Joyful team at a company office embracing in a group hug.

“We’re like a family here.” 


Raise your hand if you’ve heard that before; maybe when you started a job, or you might have even said it yourself. It’s meant to signal a company culture that is warm, caring, and values connection. 


Most people who use the “work family” phrase are well-intentioned.

But let’s be real, families come with a whole lot of baggage. Some of it tender, some of it toxic.


When we use that metaphor, we’re inviting both the beauty and the dysfunction of family dynamics into our workplaces whether we mean to or not. And that makes using “work family” to describe company culture much more complex than we might imagine. Sure, for some the idea of a work family is a beautiful expression of care. 

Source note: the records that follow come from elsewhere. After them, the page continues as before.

lemma thr_adj_reindex_if_twins:
  assumes P: "P permutes {1..n}" and S: "S permutes {1..n}"
    and agree: "\<forall>k\<in>{2..n}. w k = u k" and twins: "\<forall>x\<in>{1..n}. thr_twins w (P x) (S x)"
    and x: "x \<in> {1..n}" and y: "y \<in> {1..n}"
  shows "thr_adj w (P x) (P y) \<longleftrightarrow> thr_adj u (S x) (S y)"
proof (cases "x = y")
  case True
  then show ?thesis
    by (simp add: thr_adj_def)
next
  case False
  have range: "P x \<in> {1..n}" "S x \<in> {1..n}" "P y \<in> {1..n}" "S y \<in> {1..n}"
    using x y permutes_in_image[OF P] permutes_in_image[OF S] by blast+
  from False have "P x \<noteq> P y" "S x \<noteq> S y"
    using permutes_inj[OF P] permutes_inj[OF S] by (auto dest: injD)
  then have "thr_adj w (P x) (P y) \<longleftrightarrow> thr_adj w (S x) (S y)"
    using thr_adj_twins twins x y range by simp
  also have "\<dots> \<longleftrightarrow> thr_adj u (S x) (S y)"
    using thr_adj_cong[OF agree range(2,4)] .
  finally show ?thesis .
qed

lemma thr_adj_reindex_iff:
  assumes P: "P permutes {1..n}" and S: "S permutes {1..n}"
    and signs: "\<forall>k\<in>{2..n}. w k = 1 \<or> w k = -1" "\<forall>k\<in>{2..n}. u k = 1 \<or> u k = -1"
  shows "(\<forall>x\<in>{1..n}. \<forall>y\<in>{1..n}. thr_adj w (P x) (P y) \<longleftrightarrow> thr_adj u (S x) (S y)) \<longleftrightarrow>
    (\<forall>k\<in>{2..n}. w k = u k) \<and> (\<forall>x\<in>{1..n}. thr_twins w (P x) (S x))"
proof
  assume adj: "\<forall>x\<in>{1..n}. \<forall>y\<in>{1..n}. thr_adj w (P x) (P y) \<longleftrightarrow> thr_adj u (S x) (S y)"
  have agree: "\<forall>k\<in>{2..n}. w k = u k"
    by (rule signs_eq_if_thr_deg_count_eq[OF thr_deg_count_reindex[OF P S adj] signs])
  have "thr_twins w (P x) (S x)" if "x \<in> {1..n}" for x
  proof -
    have Px: "P x \<in> {1..n}" and Sx: "S x \<in> {1..n}"
      using that permutes_in_image[OF P] permutes_in_image[OF S] by blast+
    have "card (thr_nbrs n w (P x)) = card (thr_nbrs n w (S x))"
      using card_thr_nbrs_reindex[OF P S adj that] thr_nbrs_cong[OF agree Sx] by simp
    then show ?thesis
      by (intro thr_twins_if_nbrs_eq[OF Px Sx signs(1)] thr_nbrs_eq_if_card_eq[OF Px Sx])
  qed
  with agree show "(\<forall>k\<in>{2..n}. w k = u k) \<and> (\<forall>x\<in>{1..n}. thr_twins w (P x) (S x))"
    by blast
qed (use thr_adj_reindex_if_twins[OF P S] in blast)

lemma thr_step_eq:
  "thr_step \<pi> w i = {{\<pi> p, \<pi> q} | p q. 1 \<le> q \<and> q < p \<and> p \<le> i \<and> w p = 1}"
proof (induction i)
  case 0
  then show ?case by simp
next
  case (Suc i)
  have "{{\<pi> p, \<pi> q} | p q. 1 \<le> q \<and> q < p \<and> p \<le> Suc i \<and> w p = 1} =
      {{\<pi> p, \<pi> q} | p q. 1 \<le> q \<and> q < p \<and> p \<le> i \<and> w p = 1} \<union>
      (if w (Suc i) = 1 then {{\<pi> (Suc i), \<pi> q} | q. 1 \<le> q \<and> q \<le> i} else {})"
    by (auto simp: le_Suc_eq less_Suc_eq_le) (metis less_Suc_eq_le)
  with Suc.IH show ?case by simp
qed

lemma threshold_graph_eq:
  "threshold_graph n \<pi> w = {{\<pi> p, \<pi> q} | p q. p \<in> {1..n} \<and> q \<in> {1..n} \<and> thr_adj w p q}"
proof -
  have "{\<pi> p, \<pi> q} \<in> threshold_graph n \<pi> w"
    if "p \<in> {1..n}" "q \<in> {1..n}" "thr_adj w p q" for p q
    using that by (cases p q rule: linorder_cases)
      (auto simp: threshold_graph_def thr_step_eq thr_adj_def insert_commute max_def)
  then show ?thesis
    by (fastforce simp: threshold_graph_def thr_step_eq thr_adj_def)
qed

lemma threshold_graph_edge_iff:
  assumes "\<pi> permutes {1..n}" and "x \<in> {1..n}" and "y \<in> {1..n}"
  shows "{x, y} \<in> threshold_graph n \<pi> w \<longleftrightarrow> thr_adj w (inv \<pi> x) (inv \<pi> y)"
proof
  assume "{x, y} \<in> threshold_graph n \<pi> w"
  then obtain p q where pq: "{x, y} = {\<pi> p, \<pi> q}" and "thr_adj w p q"
    unfolding threshold_graph_eq by blast
  moreover have "inv \<pi> (\<pi> p) = p" "inv \<pi> (\<pi> q) = q"
    using permutes_inverses(2)[OF assms(1)] by simp_all
  ultimately show "thr_adj w (inv \<pi> x) (inv \<pi> y)"
    using pq thr_adj_commute[of w p q] by (auto simp: doubleton_eq_iff)
next
  assume "thr_adj w (inv \<pi> x) (inv \<pi> y)"
  moreover have "inv \<pi> x \<in> {1..n}" "inv \<pi> y \<in> {1..n}"
    using permutes_inv_mem[OF assms(1) assms(2)] permutes_inv_mem[OF assms(1) assms(3)] .
  moreover have "{x, y} = {\<pi> (inv \<pi> x), \<pi> (inv \<pi> y)}"
    using permutes_inverses(1)[OF assms(1)] by simp
  ultimately show "{x, y} \<in> threshold_graph n \<pi> w"
    unfolding threshold_graph_eq by blast
qed

lemma threshold_graph_edge_cases:
  assumes "\<pi> permutes {1..n}" and "e \<in> threshold_graph n \<pi> w"
  obtains x y where "x \<in> {1..n}" "y \<in> {1..n}" "e = {x, y}"
proof -
  from assms(2) obtain p q where "p \<in> {1..n}" "q \<in> {1..n}" "e = {\<pi> p, \<pi> q}"
    unfolding threshold_graph_eq by blast
  then show thesis
    using that permutes_in_image[OF assms(1)] by blast
qed

lemma threshold_graph_eq_iff:
  assumes "\<pi> permutes {1..n}" and "\<sigma> permutes {1..n}"
  shows "threshold_graph n \<pi> w = threshold_graph n \<sigma> u \<longleftrightarrow>
    (\<forall>x\<in>{1..n}. \<forall>y\<in>{1..n}. thr_adj w (inv \<pi> x) (inv \<pi> y) \<longleftrightarrow> thr_adj u (inv \<sigma> x) (inv \<sigma> y))"
    (is "?G = ?H \<longleftrightarrow> ?adj")
proof
  assume "?G = ?H"
  then show ?adj
    by (simp add: threshold_graph_edge_iff[OF assms(1), symmetric]
        threshold_graph_edge_iff[OF assms(2), symmetric] del: atLeastAtMost_iff)
next
  assume adj: ?adj
  have "e \<in> ?G \<longleftrightarrow> e \<in> ?H" if "e \<in> ?G \<union> ?H" for e
  proof -
    obtain x y where "x \<in> {1..n}" "y \<in> {1..n}" and e: "e = {x, y}"
    proof (cases "e \<in> ?G")
      case True
      then show ?thesis using threshold_graph_edge_cases[OF assms(1)] that by blast
    next
      case False
      then show ?thesis using threshold_graph_edge_cases[OF assms(2)] that \<open>e \<in> ?G \<union> ?H\<close> by blast
    qed
    then show ?thesis
      using adj by (simp add: threshold_graph_edge_iff[OF assms(1)] threshold_graph_edge_iff[OF assms(2)]
          del: atLeastAtMost_iff)
  qed
  then show "?G = ?H"
    by blast
qed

But for others? It’s stifling. 


Not all families are healthy. So, why do we assume that the “family” label is always a good thing? What are we really buying into when we call our co-workers our “work family?”


In this post, we’re breaking it down and exploring 3 reasons why the work family metaphor can actually be harmful, and what we can build instead that centers real care and joy at work.


1. “Work Family” Blurs Boundaries

All healthy relationships have boundaries. Including the relationships we cultivate at work. Boundaries are an act of self care. They protect our well-being, allow for clarity, and preserve our relationships.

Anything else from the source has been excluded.